Selon les statistiques de la DARES de fin 2010, les plans sociaux sont en chute libre (de près de 50 %) et les licenciements économiques en baisse sensible (de 19 %). Certes, ces chiffres témoignent certainement d’un retour progressif de l’activité en France, mais ils sont à relativiser. Les entreprises privilégient aujourd’hui d’autres moyens de restructuration et de réduction des coûts. Les licenciements et plans sociaux, en effet, coûtent cher aux patrons tant financièrement qu’en terme d’image, surtout quand ces fichus ouvriers n’acceptent pas le sort qui leur semble réservé et se rebiffent…
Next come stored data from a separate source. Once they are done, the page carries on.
lemma card_image_weighted:
  assumes "finite A" "\<And>u. u \<in> A \<Longrightarrow> card {v \<in> A. f v = f u} * w u = c"
  shows "card (f ` A) * c = (\<Sum>u\<in>A. w u)"
proof -
  have fiber_sum: "(\<Sum>u\<in>{v \<in> A. f v = y}. w u) = c" if "y \<in> f ` A" for y
  proof -
    let ?F = "{v \<in> A. f v = y}"
    obtain u0 where u0: "u0 \<in> ?F" using \<open>y \<in> f ` A\<close> by blast
    have weight: "card ?F * w u = c" if "u \<in> ?F" for u
      using assms(2)[of u] that by simp
    moreover have "card ?F > 0" using u0 assms(1) by (auto simp: card_gt_0_iff)
    ultimately have "w u = w u0" if "u \<in> ?F" for u
      using weight[OF that] weight[OF u0] by (metis mult_left_cancel not_gr0)
    then have "(\<Sum>u\<in>?F. w u) = (\<Sum>u\<in>?F. w u0)" by (rule sum.cong[OF refl])
    also have "\<dots> = c" using weight[OF u0] by simp
    finally show ?thesis .
  qed
  have "(\<Sum>u\<in>A. w u) = (\<Sum>y\<in>f ` A. \<Sum>u\<in>{v \<in> A. f v = y}. w u)"
    by (rule sum.image_gen[OF assms(1)])
  also have "\<dots> = card (f ` A) * c" using fiber_sum by simp
  finally show ?thesis by simp
qed

lemma sum_anharmonic_stabilizer_size:
  assumes "(2::'a::{field,finite}) \<noteq> 0"
  shows "(\<Sum>u \<in> UNIV - {0, 1::'a}. anharmonic_stabilizer_size u)
           = card (UNIV :: 'a set) + 1 + 2 * card {u::'a. u * u - u + 1 = 0}"
proof -
  let ?A = "UNIV - {0, 1::'a}"
  let ?R = "{u::'a. u * u - u + 1 = 0}"
  have "(-1::'a) \<noteq> 1" using assms by (metis neg_eq_iff_add_eq_0 one_add_one)
  moreover have "(2::'a) \<noteq> 1" by (metis add_cancel_right_right one_add_one zero_neq_one)
  ultimately have "?A \<inter> {u. u = -1} = {-1}" "?A \<inter> {u. u = 2} = {2}" "?A \<inter> {u. 2 * u = 1} = {1 / 2}"
    using assms by (auto simp: field_simps)
  moreover have "?A \<inter> ?R = ?R" by auto
  moreover have "card ?A + 2 = card (UNIV :: 'a set)"
    using card_Diff_subset[of "{0, 1::'a}" UNIV] card_mono[of UNIV "{0, 1::'a}"] by simp
  moreover have "(\<Sum>u\<in>?A. anharmonic_stabilizer_size u) =
      card ?A + (\<Sum>u\<in>?A. of_bool (u = -1)) + (\<Sum>u\<in>?A. of_bool (u = 2))
        + (\<Sum>u\<in>?A. of_bool (2 * u = 1)) + 2 * (\<Sum>u\<in>?A. of_bool (u * u - u + 1 = 0))"
    unfolding anharmonic_stabilizer_size_def by (simp only: sum.distrib sum_distrib_left[symmetric]) simp
  ultimately show ?thesis by simp
qed

lemma card_sixth_roots_le_2: "card {u::'a::field. u * u - u + 1 = 0} \<le> 2"
proof (cases "\<exists>w::'a. w * w - w + 1 = 0")
  case True
  then obtain w :: 'a where w: "w * w - w + 1 = 0" by blast
  have "u * u - u + 1 = 0 \<longleftrightarrow> u = w \<or> u = 1 - w" for u
  proof -
    have "(u * u - u + 1) - (w * w - w + 1) = (u - w) * (u - (1 - w))" by algebra
    then show ?thesis using w by auto
  qed
  then have "{u::'a. u * u - u + 1 = 0} = {w, 1 - w}" by auto
  then show ?thesis by (simp add: card_insert_if)
qed simp

lemma six_times_J_L:
  assumes "(2::'a::{field,finite}) \<noteq> 0"
  shows "6 * J_L TYPE('a) = card (UNIV :: 'a set) + 1 + 2 * card {u::'a. u * u - u + 1 = 0}"
proof -
  let ?A = "UNIV - {0, 1::'a}"
  have "card (j_legendre ` ?A) * 6 = (\<Sum>u\<in>?A. anharmonic_stabilizer_size u)"
  proof (rule card_image_weighted)
    fix u assume "u \<in> ?A"
    then show "card {v \<in> ?A. j_legendre v = j_legendre u} * anharmonic_stabilizer_size u = 6"
      using j_legendre_fiber[OF assms] anharmonic_orbit_stabilizer[OF assms] by auto
  qed simp
  then show ?thesis
    unfolding J_L_def using sum_anharmonic_stabilizer_size[OF assms] by simp
qed
(* Let $L=\mathbb Z\alpha_1\oplus\mathbb Z\alpha_2\oplus\mathbb Z\alpha_3$ with $\langle\alpha_i,\alpha_j\rangle=2\delta_{ij}$ and put $\beta_1=(\alpha_1+\alpha_2)/\sqrt2$, $\beta_2=(-\alpha_2+\alpha_3)/\sqrt2$, $\beta_3=(-\alpha_1+\alpha_2)/\sqrt2$ (simple roots of type $A_3$). With $w_\beta^{\pm}$, $s^i$, $\omega$, $\tau$ as in the context, one has in $V_L$: $\tau(s^1)=\frac18 w^+_{\beta_3}$, $\tau(s^2)=\frac1{10}(w^+_{\beta_3}+w^-_{\beta_2}+w^+_{\beta_2+\beta_3})$, $\tau(s^3)=\frac1{12}(w^+_{\beta_3}+w^-_{\beta_2}+w^+_{\beta_2+\beta_3}+w^-_{\beta_3}+w^-_{\beta_2+\beta_3}+w^+_{\beta_2})=\frac16(\beta_2(-1)^2+\beta_3(-1)^2+(\beta_2+\beta_3)(-1)^2)$, $\tau(\omega)=\omega$.
   Context: $V_L=M(1)\otimes\mathbb C[L]=V_{\mathbb Z\alpha_1}\otimes V_{\mathbb Z\alpha_2}\otimes V_{\mathbb Z\alpha_3}$ is the lattice vertex operator algebra with trivial cocycle ($M(1)$ the Heisenberg Fock space of $\mathfrak h=\mathbb C\otimes L$, $e^\beta$ group algebra basis elements, $h(-1)$ the Heisenberg generators, $h(-1)^2$ meaning $h(-1)h(-1)\mathbf 1$). For a root $\beta$ of the $A_3$ root system $\Phi_3$ generated by $\beta_1,\beta_2,\beta_3$ (so $\sqrt2\beta\in L$), $w_\beta^{\pm}=\beta(-1)^2\pm2(e^{\sqrt2\beta}+e^{-\sqrt2\beta})$. Let $\Phi_1^+=\{\beta_1\}$, $\Phi_2^+=\{\beta_1,\beta_2,\beta_1+\beta_2\}$, $\Phi_3^+=\Phi_2^+\cup\{\beta_3,\beta_2+\beta_3,\beta_1+\beta_2+\beta_3\}$, $s^i=\frac1{2(i+3)}\sum_{\beta\in\Phi_i^+}w_\beta^-$ for $i=1,2,3$, and $\omega=\frac18\sum_{\beta\in\Phi_3^+}\beta(-1)^2$ (the Virasoro element). For $\langle\alpha,\alpha\rangle=2$, $\sigma$ is the unique vertex operator algebra automorphism of $V_{\mathbb Z\alpha}$ whose restriction to the weight-one Lie algebra $\mathrm{span}\{\alpha(-1),e^{\alpha},e^{-\alpha}\}\cong sl_2(\mathbb C)$ is $\alpha(-1)\mapsto e^\alpha+e^{-\alpha}$, $e^\alpha+e^{-\alpha}\mapsto\alpha(-1)$, $e^\alpha-e^{-\alpha}\mapsto-(e^\alpha-e^{-\alpha})$; and $\tau=\sigma\otimes\sigma\otimes\sigma$ on $V_L$. *)

theory Defs
  imports Complex_Main "HOL-Library.Poly_Mapping" "HOL-Library.Multiset" "HOL-Library.Function_Algebras"
begin

text \<open>Concrete model of the lattice VOA V_L, L = Z a1 + Z a2 + Z a3, <ai,aj> = 2 delta_ij,
 with trivial cocycle.  A basis vector of V_L = M(1) (x) C[L] is a pair (M, g):
 M is a multiset of pairs (i,n), n >= 1, standing for the monomial prod ai(-n)
 applied to the vacuum, and g :: idx => int is the lattice vector sum g(i) ai (e^g).\<close>

datatype idx = A1 | A2 | A3

definition idxs :: "idx set" where "idxs = {A1, A2, A3}"

type_synonym lat = "idx \<Rightarrow> int"
type_synonym mono = "(idx \<times> nat) multiset"
type_synonym bas = "mono \<times> lat"
type_synonym vl = "bas \<Rightarrow>\<^sub>0 complex"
Le patronat utilise donc tout un arsenal de mesures, anciennes pour certaines, récentes pour d’autres, n’hésitant pas le cas échéant à contourner les règlementations trop rigides à son goût.Arrivent en tête le recrutement en CDD et le recours à l’intérim qui par définition ne nécessitent pas de rupture en cas de baisse d’activité ! Ceci entraîne bien évidemment une précarité grandissante de la main d’œuvre, avec son lot de drames sociaux, mais dans le grand jeu de la concurrence libre, on ne fait pas d’omelette sans casser d’œufs, n’est-ce pas ?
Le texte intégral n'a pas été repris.